* **Exercise aim**
Go through the entries below and copy each line containing the word "proj".

──────── Data listing

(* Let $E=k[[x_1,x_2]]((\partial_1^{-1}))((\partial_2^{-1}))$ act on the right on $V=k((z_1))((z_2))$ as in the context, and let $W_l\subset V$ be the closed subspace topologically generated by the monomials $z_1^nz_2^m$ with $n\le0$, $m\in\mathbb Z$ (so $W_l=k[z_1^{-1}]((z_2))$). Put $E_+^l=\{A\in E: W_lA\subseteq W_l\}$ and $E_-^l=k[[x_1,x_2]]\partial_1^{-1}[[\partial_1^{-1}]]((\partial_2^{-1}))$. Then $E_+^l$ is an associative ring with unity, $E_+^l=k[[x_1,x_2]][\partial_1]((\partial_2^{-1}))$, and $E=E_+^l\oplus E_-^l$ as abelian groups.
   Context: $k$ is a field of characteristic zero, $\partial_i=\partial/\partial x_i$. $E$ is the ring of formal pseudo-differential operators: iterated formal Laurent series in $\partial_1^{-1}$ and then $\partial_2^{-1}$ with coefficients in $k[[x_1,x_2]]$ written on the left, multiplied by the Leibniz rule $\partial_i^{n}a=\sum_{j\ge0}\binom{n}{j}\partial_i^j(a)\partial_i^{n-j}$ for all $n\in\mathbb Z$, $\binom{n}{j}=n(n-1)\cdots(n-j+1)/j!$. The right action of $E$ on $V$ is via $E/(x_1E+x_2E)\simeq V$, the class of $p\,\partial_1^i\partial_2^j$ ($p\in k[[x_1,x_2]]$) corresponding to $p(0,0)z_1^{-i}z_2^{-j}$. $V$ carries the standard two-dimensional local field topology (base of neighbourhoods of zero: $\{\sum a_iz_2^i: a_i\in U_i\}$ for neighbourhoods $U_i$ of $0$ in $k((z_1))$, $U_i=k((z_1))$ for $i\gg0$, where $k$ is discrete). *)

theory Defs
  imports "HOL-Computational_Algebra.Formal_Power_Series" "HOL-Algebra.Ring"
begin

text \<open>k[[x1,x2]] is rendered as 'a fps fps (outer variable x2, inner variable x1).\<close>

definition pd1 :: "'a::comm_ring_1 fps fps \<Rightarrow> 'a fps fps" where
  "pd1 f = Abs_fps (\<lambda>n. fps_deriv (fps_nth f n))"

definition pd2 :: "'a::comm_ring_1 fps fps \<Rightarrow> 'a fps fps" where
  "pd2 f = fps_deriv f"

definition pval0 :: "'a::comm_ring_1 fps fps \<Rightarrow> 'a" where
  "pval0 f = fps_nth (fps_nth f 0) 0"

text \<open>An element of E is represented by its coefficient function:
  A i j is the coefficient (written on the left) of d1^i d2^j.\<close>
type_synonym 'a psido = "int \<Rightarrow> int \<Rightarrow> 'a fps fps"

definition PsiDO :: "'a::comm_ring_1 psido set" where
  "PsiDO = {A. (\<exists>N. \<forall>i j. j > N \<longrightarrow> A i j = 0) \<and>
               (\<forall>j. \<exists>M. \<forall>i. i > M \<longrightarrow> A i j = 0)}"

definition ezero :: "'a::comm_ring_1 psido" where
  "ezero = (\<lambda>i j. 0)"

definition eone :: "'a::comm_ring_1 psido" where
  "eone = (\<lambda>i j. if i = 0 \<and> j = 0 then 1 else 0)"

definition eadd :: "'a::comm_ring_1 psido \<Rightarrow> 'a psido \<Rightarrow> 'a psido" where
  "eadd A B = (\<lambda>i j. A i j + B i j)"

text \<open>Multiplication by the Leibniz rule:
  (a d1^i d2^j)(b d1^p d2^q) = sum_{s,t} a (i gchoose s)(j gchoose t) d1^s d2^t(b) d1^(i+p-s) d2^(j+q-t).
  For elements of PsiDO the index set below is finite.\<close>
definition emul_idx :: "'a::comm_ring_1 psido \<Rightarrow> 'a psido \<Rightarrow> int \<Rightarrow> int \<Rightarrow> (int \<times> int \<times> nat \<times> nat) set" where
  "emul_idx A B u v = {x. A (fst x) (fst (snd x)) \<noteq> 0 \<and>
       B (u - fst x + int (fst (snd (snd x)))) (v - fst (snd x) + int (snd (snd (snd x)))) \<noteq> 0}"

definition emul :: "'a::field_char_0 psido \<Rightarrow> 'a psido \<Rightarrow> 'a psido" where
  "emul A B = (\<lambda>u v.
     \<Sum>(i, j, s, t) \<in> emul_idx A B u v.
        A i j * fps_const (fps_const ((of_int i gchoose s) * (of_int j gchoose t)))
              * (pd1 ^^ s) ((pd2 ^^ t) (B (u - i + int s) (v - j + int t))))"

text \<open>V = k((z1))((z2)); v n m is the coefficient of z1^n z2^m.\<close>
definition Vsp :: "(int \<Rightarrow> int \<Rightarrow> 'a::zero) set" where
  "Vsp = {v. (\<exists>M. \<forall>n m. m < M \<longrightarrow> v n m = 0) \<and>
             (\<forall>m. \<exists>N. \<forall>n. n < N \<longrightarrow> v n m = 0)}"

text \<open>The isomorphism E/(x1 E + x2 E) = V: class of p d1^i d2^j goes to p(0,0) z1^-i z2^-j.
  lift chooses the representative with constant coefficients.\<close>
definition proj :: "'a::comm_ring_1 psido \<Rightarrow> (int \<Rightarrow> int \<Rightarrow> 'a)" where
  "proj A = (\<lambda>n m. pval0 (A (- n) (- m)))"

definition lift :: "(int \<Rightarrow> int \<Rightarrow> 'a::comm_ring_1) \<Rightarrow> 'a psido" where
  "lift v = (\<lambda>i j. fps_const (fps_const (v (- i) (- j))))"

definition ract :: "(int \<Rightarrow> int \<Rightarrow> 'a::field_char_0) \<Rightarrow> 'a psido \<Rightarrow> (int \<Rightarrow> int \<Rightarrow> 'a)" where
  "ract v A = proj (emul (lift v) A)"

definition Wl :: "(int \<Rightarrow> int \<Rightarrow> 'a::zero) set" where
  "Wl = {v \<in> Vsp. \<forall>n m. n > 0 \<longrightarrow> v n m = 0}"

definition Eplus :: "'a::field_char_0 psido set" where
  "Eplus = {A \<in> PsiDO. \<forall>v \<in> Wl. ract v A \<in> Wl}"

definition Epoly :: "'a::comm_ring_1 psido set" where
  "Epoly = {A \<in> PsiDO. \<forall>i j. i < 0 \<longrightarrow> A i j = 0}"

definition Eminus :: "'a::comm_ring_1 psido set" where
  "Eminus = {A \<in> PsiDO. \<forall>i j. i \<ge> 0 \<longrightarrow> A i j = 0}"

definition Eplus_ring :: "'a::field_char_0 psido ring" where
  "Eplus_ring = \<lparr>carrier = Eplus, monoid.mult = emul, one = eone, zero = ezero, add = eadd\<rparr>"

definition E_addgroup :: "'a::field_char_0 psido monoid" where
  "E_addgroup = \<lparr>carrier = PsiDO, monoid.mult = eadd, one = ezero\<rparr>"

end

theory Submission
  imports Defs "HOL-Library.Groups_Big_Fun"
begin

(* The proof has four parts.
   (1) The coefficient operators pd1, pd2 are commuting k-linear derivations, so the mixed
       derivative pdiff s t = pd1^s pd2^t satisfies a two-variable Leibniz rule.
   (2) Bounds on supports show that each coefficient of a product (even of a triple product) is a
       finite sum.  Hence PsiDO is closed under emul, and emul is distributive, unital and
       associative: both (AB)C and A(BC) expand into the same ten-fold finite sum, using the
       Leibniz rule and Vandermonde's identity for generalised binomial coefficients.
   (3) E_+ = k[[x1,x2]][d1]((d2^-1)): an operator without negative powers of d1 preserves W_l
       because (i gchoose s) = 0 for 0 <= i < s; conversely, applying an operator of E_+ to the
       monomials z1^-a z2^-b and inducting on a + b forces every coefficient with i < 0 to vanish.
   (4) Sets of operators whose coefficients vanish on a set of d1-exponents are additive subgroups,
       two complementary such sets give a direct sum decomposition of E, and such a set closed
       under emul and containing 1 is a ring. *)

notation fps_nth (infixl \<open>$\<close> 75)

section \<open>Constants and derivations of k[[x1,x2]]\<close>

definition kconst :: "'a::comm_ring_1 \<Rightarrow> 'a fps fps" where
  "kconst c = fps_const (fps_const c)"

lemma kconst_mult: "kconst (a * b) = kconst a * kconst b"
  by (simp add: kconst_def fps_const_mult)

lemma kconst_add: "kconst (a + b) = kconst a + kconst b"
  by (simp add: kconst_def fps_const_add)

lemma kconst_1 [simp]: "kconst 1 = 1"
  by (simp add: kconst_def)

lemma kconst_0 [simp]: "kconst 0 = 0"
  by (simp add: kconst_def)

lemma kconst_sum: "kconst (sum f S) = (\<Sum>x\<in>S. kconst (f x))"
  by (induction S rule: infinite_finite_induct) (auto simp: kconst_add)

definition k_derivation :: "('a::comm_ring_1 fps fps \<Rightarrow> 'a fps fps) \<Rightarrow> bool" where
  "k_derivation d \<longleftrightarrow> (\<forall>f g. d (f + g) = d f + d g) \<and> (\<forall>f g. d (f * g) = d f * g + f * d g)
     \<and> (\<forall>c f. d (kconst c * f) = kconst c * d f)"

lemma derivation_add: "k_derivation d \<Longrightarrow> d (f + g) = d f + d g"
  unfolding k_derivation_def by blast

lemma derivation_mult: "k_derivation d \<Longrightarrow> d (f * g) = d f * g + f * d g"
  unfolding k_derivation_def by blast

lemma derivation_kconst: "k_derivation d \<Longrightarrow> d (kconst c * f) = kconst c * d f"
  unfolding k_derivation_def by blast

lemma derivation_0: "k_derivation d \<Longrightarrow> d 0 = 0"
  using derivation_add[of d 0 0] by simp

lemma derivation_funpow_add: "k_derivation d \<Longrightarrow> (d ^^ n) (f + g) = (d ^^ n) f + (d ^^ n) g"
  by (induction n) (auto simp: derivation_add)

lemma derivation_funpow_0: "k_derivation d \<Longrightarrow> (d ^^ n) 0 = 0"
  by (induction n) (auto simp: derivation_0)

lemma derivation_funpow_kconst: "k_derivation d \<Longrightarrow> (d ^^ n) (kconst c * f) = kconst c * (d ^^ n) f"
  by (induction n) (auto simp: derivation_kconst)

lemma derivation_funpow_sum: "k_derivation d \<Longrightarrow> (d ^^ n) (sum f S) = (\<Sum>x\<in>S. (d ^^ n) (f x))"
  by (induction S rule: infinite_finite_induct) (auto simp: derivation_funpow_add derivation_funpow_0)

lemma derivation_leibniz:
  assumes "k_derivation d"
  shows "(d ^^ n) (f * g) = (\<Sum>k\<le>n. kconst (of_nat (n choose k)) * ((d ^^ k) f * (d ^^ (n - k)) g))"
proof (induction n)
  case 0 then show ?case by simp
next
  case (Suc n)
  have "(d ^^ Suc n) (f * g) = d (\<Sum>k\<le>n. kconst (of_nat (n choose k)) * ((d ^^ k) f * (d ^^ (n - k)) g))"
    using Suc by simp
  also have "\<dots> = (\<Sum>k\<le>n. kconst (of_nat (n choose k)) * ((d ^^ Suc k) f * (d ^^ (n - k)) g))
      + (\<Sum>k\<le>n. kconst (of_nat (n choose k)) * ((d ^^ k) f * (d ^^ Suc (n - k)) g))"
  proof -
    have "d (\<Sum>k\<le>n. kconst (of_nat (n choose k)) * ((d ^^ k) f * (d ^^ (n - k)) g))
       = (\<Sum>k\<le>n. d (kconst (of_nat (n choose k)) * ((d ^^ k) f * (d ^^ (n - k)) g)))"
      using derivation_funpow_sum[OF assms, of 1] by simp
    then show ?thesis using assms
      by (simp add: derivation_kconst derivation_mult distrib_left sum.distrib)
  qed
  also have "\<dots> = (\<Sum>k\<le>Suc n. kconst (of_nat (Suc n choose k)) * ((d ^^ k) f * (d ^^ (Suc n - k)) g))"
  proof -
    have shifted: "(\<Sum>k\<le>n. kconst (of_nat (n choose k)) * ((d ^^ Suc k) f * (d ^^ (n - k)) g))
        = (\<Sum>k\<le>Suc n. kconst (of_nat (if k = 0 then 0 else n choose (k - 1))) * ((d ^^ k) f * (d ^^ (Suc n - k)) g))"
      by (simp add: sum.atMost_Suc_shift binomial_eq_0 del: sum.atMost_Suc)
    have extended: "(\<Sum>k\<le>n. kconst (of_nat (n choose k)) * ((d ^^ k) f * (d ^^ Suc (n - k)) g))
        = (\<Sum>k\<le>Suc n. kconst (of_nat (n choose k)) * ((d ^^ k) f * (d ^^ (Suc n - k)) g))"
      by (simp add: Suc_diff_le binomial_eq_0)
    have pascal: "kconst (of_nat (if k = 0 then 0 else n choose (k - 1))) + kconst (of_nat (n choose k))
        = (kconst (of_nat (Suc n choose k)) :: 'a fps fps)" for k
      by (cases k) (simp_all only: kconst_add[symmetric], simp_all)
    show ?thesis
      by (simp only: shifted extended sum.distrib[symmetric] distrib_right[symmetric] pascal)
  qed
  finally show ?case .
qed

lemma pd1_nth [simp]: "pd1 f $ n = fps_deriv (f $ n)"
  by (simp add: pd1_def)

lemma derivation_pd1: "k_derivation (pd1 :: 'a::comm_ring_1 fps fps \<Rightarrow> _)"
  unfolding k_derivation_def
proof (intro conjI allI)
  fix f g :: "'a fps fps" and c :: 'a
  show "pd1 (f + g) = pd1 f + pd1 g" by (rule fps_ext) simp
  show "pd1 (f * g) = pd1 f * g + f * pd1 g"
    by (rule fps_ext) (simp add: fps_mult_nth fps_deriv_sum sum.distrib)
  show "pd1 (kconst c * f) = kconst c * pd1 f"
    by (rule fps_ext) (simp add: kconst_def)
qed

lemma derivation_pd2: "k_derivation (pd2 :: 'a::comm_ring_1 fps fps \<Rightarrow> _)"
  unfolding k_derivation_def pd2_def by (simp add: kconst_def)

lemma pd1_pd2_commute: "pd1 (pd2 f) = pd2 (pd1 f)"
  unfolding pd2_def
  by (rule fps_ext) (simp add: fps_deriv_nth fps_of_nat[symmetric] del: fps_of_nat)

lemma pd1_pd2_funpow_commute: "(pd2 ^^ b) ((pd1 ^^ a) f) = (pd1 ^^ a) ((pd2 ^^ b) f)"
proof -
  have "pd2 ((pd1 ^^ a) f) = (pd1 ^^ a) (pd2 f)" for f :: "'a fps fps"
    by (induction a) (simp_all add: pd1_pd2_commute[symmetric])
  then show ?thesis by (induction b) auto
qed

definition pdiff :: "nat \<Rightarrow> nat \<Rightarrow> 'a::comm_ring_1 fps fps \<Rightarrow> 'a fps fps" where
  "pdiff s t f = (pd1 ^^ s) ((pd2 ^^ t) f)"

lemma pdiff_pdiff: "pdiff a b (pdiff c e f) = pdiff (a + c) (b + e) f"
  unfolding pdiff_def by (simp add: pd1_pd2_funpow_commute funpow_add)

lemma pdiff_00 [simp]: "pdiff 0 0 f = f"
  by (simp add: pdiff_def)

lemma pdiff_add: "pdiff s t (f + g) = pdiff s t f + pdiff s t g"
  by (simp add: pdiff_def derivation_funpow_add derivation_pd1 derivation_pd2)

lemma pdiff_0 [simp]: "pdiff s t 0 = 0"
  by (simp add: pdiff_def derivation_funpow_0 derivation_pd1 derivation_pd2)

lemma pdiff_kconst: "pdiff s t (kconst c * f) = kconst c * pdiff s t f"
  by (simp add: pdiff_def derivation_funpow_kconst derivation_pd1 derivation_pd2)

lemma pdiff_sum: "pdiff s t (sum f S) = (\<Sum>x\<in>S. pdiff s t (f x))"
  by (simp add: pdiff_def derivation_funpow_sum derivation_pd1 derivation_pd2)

────────────────

* **Response box**
definition proj :: "'a::comm_ring_1 psido \<Rightarrow> (int \<Rightarrow> int \<Rightarrow> 'a)" where
  "proj A = (\<lambda>n m. pval0 (A (- n) (- m)))"
  "ract v A = proj (emul (lift v) A)"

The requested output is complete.